Even though early payment of IMF loans and the recapitalisation of banks are completely separate, it is hard to imagine that our EU partners will cut us some slack on both of these issues.
The IMF situation should be straightforward. Ireland is paying just under 5pc interest on around €18bn of the €22bn we owe the IMF as part of the bailout programme. It has to be noted that we are paying the IMF a margin on the money it lent us of around 3pc.
We paid 0.5pc in fees as particular tranches were drawn down. This mechanism saw Ireland hand over around €240m between the end of 2010 and the end of 2012 in handling fees alone. The interest bill on the IMF money is costing around €1bn per year to service.
Given that Irish government bond yields are down around 2.3pc, there is an opportunity to raise the money elsewhere, pay off the IMF early and save €20m to €25m per year on every €1bn paid back to the IMF. This, of course, assumes that much money could be raised on international markets at these very low rates.
Unfortunately, the EU and ECB funds are tied into the IMF money. The IMF has said we can pay it back early if we want, but under the terms of the bailout programme, this will automatically trigger a payback of the others too.
The EU money is cheaper so there is no real saving in raising tens of billions in the market to pay back everybody. Hence, each EU country would have to agree to amend the terms of the deal to allow Ireland to pay back the IMF first.
It is common sense. The reason loans are tied together is to make sure one creditor (the EU and/or ECB) is not disadvantaged by having another paid back first (IMF).
The more Ireland can reduce the interest rate bill on its national debt, which last year amounted to a staggering €8bn - the less risk Ireland poses of not paying back the Troika money. It's a no-brainer.
But Europe is about politics. The more good news EU countries hear about Ireland's recovery, the less they are likely to go out on a limb to help. We could really undermine our case by talking so publicly about public sector pay increases at a time when we still need to borrow €8bn a year just to balance the books. This is completely the wrong message to send out and it will not play very well across Europe.
Some countries are naturally more sympathetic to Ireland than others and for them it shouldn't be a problem. But it is a tricky mix. Once again, we may end up relying on the kindness of strangers in this economic crisis.

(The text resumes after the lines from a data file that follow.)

lemma rdiv_eq_sup:
  assumes f: "time_warp f" and g: "time_warp g"
  shows "rdiv g f = sup (g \<circ> tw_l f) (tw_o (tw_l f))"
proof (rule time_warp_eqI)
  have tl: "time_warp (tw_l f)" unfolding tw_l_def by (rule time_warp_rdiv[OF time_warp_id])
  show "time_warp (rdiv g f)" by (rule time_warp_rdiv[OF g])
  show "time_warp (sup (g \<circ> tw_l f) (tw_o (tw_l f)))"
    unfolding tw_o_def by (intro time_warp_sup time_warp_comp time_warp_ldiv g tl time_warp_tw_top)
  fix n
  define T where "T = {q. enat n \<le> f q}"
  have lhs: "rdiv g f (enat n) = (INF q \<in> T. g q)" by (simp add: rdiv_enat[OF g] T_def)
  have l_f: "tw_l f (enat n) = Inf T" by (simp add: tw_l_def rdiv_enat[OF time_warp_id] T_def)
  show "rdiv g f (enat n) = sup (g \<circ> tw_l f) (tw_o (tw_l f)) (enat n)"
  proof (cases "T = {}")
    case True
    then show ?thesis by (simp add: lhs l_f tw_o_enat[OF tl] top_enat_def[symmetric])
  next
    case False
    then obtain m where "enat m \<in> T" using time_warp_exceeds_at_enat[OF f] by (auto simp: T_def)
    then have finite: "Inf T \<noteq> \<infinity>" by (metis Inf_lower infinity_ileE)
    have "Inf T \<in> T" using \<open>enat m \<in> T\<close> by (rule wellorder_InfI)
    then have "(INF q \<in> T. g q) = g (Inf T)"
      using g by (intro antisym INF_lower) (simp_all add: mono_Inf time_warp_mono)
    then show ?thesis by (simp add: lhs l_f tw_o_enat[OF tl] finite sup_enat_def)
  qed
qed

theorem lemma2p4:
  fixes f g :: "enat \<Rightarrow> enat"
  assumes "time_warp f" and "time_warp g"
  shows "ldiv f g = sup (sup (tw_r f \<circ> g) (tw_r (tw_top \<circ> f))) (tw_o g) \<and>
         rdiv g f = sup (g \<circ> tw_l f) (tw_o (tw_l f))"
  using assms by (simp add: ldiv_eq_sup rdiv_eq_sup)

end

Hence, the likelihood they will want to see the other issue of retro-active recapitalisation of the banks taken off the table. If this happens, it might never be publicly announced, as one is not directly linked to the other. But it may end up as some kind of tacit understanding. The kind of understanding the EU is full of. It is probably a battle Ireland has already lost anyway, so it may be inevitable.

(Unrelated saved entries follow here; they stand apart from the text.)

(* Let $\Bbbk$ be a field. Let $A'$ be a standard graded artinian $\Bbbk$-algebra failing the WLP, and let $A''$ be a standard graded artinian $\Bbbk$-algebra whose Hilbert series has at least one isolated peak. Then $A = A' \otimes_\Bbbk A''$ fails the WLP. Specifically, if $A'$ fails the WLP in degree $i$ and the Hilbert series of $A''$ has an isolated peak in degree $j$, then $A$ fails the WLP in degree $i+j$.
   Context: A standard graded artinian algebra $A=\bigoplus_i A_i$ has the WLP if there is a linear form $\ell$ such that $\times\ell:A_k\to A_{k+1}$ has maximal rank (is injective or surjective) for every $k$. $A$ fails the WLP in degree $i$ if for a general linear form $\ell$ the map $\times \ell: A_i\to A_{i+1}$ does not have maximal rank. The Hilbert function is $\mathrm{HF}(A,k)=\dim_\Bbbk A_k$; the Hilbert series has an isolated peak in degree $j\ge 1$ if $\mathrm{HF}(A,j-1)<\mathrm{HF}(A,j)>\mathrm{HF}(A,j+1)$. *)

theory Defs
  imports Complex_Main "HOL-Library.Poly_Mapping"
begin

text \<open>A standard graded artinian algebra is presented as P / I with P a polynomial
  ring in finitely many variables (a finite variable type) and I a proper
  homogeneous ideal such that (P/I)_d = 0 for d large.\<close>

type_synonym ('v, 'k) mpoly = "('v \<Rightarrow>\<^sub>0 nat) \<Rightarrow>\<^sub>0 'k"

definition mdeg :: "('v \<Rightarrow>\<^sub>0 nat) \<Rightarrow> nat" where
  "mdeg m = (\<Sum>v\<in>Poly_Mapping.keys m. Poly_Mapping.lookup m v)"

definition homogeneous :: "nat \<Rightarrow> ('v, 'k::zero) mpoly \<Rightarrow> bool" where
  "homogeneous d p \<longleftrightarrow> (\<forall>m\<in>Poly_Mapping.keys p. mdeg m = d)"

definition hcomp :: "nat \<Rightarrow> ('v, 'k::comm_monoid_add) mpoly \<Rightarrow> ('v, 'k) mpoly" where
  "hcomp d p = (\<Sum>m\<in>{m\<in>Poly_Mapping.keys p. mdeg m = d}. Poly_Mapping.single m (Poly_Mapping.lookup p m))"

definition is_ideal :: "('v, 'k::comm_ring_1) mpoly set \<Rightarrow> bool" where
  "is_ideal I \<longleftrightarrow> 0 \<in> I \<and> (\<forall>p\<in>I. \<forall>q\<in>I. p + q \<in> I) \<and> (\<forall>f. \<forall>p\<in>I. f * p \<in> I)"

definition homog_ideal :: "('v, 'k::comm_ring_1) mpoly set \<Rightarrow> bool" where
  "homog_ideal I \<longleftrightarrow> is_ideal I \<and> (\<forall>p\<in>I. \<forall>d. hcomp d p \<in> I)"

definition ideal_gen :: "('v, 'k::comm_ring_1) mpoly set \<Rightarrow> ('v, 'k) mpoly set" where
  "ideal_gen S = \<Inter>{K. is_ideal K \<and> S \<subseteq> K}"

definition std_graded_artinian :: "('v::finite, 'k::field) mpoly set \<Rightarrow> bool" where
  "std_graded_artinian I \<longleftrightarrow> homog_ideal I \<and> 1 \<notin> I \<and>
     (\<exists>N. \<forall>d\<ge>N. \<forall>p. homogeneous d p \<longrightarrow> p \<in> I)"

text \<open>k-vector space structure on polynomials (scalars = constants).\<close>
definition psmult :: "'k::comm_ring_1 \<Rightarrow> ('v, 'k) mpoly \<Rightarrow> ('v, 'k) mpoly" where
  "psmult c p = Poly_Mapping.single 0 c * p"

text \<open>Hilbert function: dim_k (P/I)_d = dim_k P_d - dim_k I_d.\<close>
definition hf :: "('v::finite, 'k::field) mpoly set \<Rightarrow> nat \<Rightarrow> nat" where
  "hf I d = vector_space.dim psmult {p :: ('v, 'k) mpoly. homogeneous d p}
          - vector_space.dim psmult {p \<in> I. homogeneous d p}"

definition isolated_peak :: "('v::finite, 'k::field) mpoly set \<Rightarrow> nat \<Rightarrow> bool" where
  "isolated_peak I j \<longleftrightarrow> j \<ge> 1 \<and> hf I (j - 1) < hf I j \<and> hf I (j + 1) < hf I j"

text \<open>Multiplication by (the class of) the linear form l, (P/I)_i \<rightarrow> next degree,
  has maximal rank: injective or surjective.\<close>
definition max_rank :: "('v, 'k::field) mpoly set \<Rightarrow> ('v, 'k) mpoly \<Rightarrow> nat \<Rightarrow> bool" where
  "max_rank I l i \<longleftrightarrow>
     (\<forall>f. homogeneous i f \<and> l * f \<in> I \<longrightarrow> f \<in> I) \<or>
     (\<forall>g. homogeneous (i + 1) g \<longrightarrow> (\<exists>f. homogeneous i f \<and> g - l * f \<in> I))"

definition has_WLP :: "('v, 'k::field) mpoly set \<Rightarrow> bool" where
  "has_WLP I \<longleftrightarrow> (\<exists>l. homogeneous 1 l \<and> (\<forall>k. max_rank I l k))"

definition fails_WLP_in :: "('v, 'k::field) mpoly set \<Rightarrow> nat \<Rightarrow> bool" where
  "fails_WLP_in I i \<longleftrightarrow> (\<forall>l. homogeneous 1 l \<longrightarrow> \<not> max_rank I l i)"

text \<open>Tensor product: (k[x]/I) \<otimes>_k (k[y]/J) = k[x,y]/(I k[x,y] + J k[x,y]).\<close>
definition mon_l :: "('a \<Rightarrow>\<^sub>0 nat) \<Rightarrow> ('a + 'b \<Rightarrow>\<^sub>0 nat)" where
  "mon_l m = (\<Sum>a\<in>Poly_Mapping.keys m. Poly_Mapping.single (Inl a) (Poly_Mapping.lookup m a))"

definition mon_r :: "('b \<Rightarrow>\<^sub>0 nat) \<Rightarrow> ('a + 'b \<Rightarrow>\<^sub>0 nat)" where
  "mon_r m = (\<Sum>b\<in>Poly_Mapping.keys m. Poly_Mapping.single (Inr b) (Poly_Mapping.lookup m b))"

definition emb_l :: "('a, 'k::comm_monoid_add) mpoly \<Rightarrow> ('a + 'b, 'k) mpoly" where
  "emb_l p = (\<Sum>m\<in>Poly_Mapping.keys p. Poly_Mapping.single (mon_l m) (Poly_Mapping.lookup p m))"

definition emb_r :: "('b, 'k::comm_monoid_add) mpoly \<Rightarrow> ('a + 'b, 'k) mpoly" where
  "emb_r p = (\<Sum>m\<in>Poly_Mapping.keys p. Poly_Mapping.single (mon_r m) (Poly_Mapping.lookup p m))"

definition tensor_ideal :: "('a, 'k::comm_ring_1) mpoly set \<Rightarrow> ('b, 'k) mpoly set
    \<Rightarrow> ('a + 'b, 'k) mpoly set" where
  "tensor_ideal I J = ideal_gen (emb_l ` I \<union> emb_r ` J)"

end

theory Submission
  imports Defs
begin

text \<open>
  Failure of maximal rank is witnessed by linear functionals on the polynomial rings. Every linear
  form on the tensor product splits as l = l1 \<otimes> 1 + 1 \<otimes> l2, and if c1 and c2 vanish on I and J,
  then c1 \<otimes> c2 vanishes on the tensor ideal I \<otimes> 1 + 1 \<otimes> J.

  Injectivity fails: choose a \<notin> I of degree i with l1 a \<in> I and, since the Hilbert function of J
  drops after j, some b \<notin> J of degree j with l2 b \<in> J. Then l kills a \<otimes> b, which is nonzero
  modulo the tensor ideal because c1 \<otimes> c2 with c1 a = c2 b = 1 does not vanish on it.

  Surjectivity fails: multiplication by l1 misses some g1 of degree i + 1 and, since the Hilbert
  function of J rises into degree j, multiplication by l2 misses some g2 of degree j. Take c1
  supported in degree i + 1 with c1 g1 = 1 that vanishes on I and on l1 times all forms of degree i,
  and c2 likewise. Then c1 \<otimes> c2 vanishes on the tensor ideal and, for degree reasons, on l times
  every form of degree i + j, but not on g1 \<otimes> g2.
\<close>

section \<open>Dimensions of quotient spaces\<close>

context vector_space
begin

lemma finite_basis_exists:
  assumes "V \<subseteq> span F" "finite F"
  obtains B where "B \<subseteq> V" "independent B" "V \<subseteq> span B" "finite B" "card B = dim V"
proof -
  obtain B where B: "B \<subseteq> V" "independent B" "V \<subseteq> span B" "card B = dim V"
    by (rule basis_exists)
  moreover have "finite B"
    using independent_span_bound[OF assms(2) B(2)] B(1) assms(1) by auto
  ultimately show ?thesis using that by blast
qed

It is extraordinary to see just how much the Troika powers stand to make from the Irish bailout. Estimates suggest that if all the money was paid back on time and not early, it would be worth several billion euro.
Ironically, the entity taking the lowest profit margin on loans to Ireland is our old enemy the UK. The British government is charging just 0.18pc service fee or margin on the €3bn it has lent Ireland, compared to 3pc at the IMF and around 1pc with the EU and ECB.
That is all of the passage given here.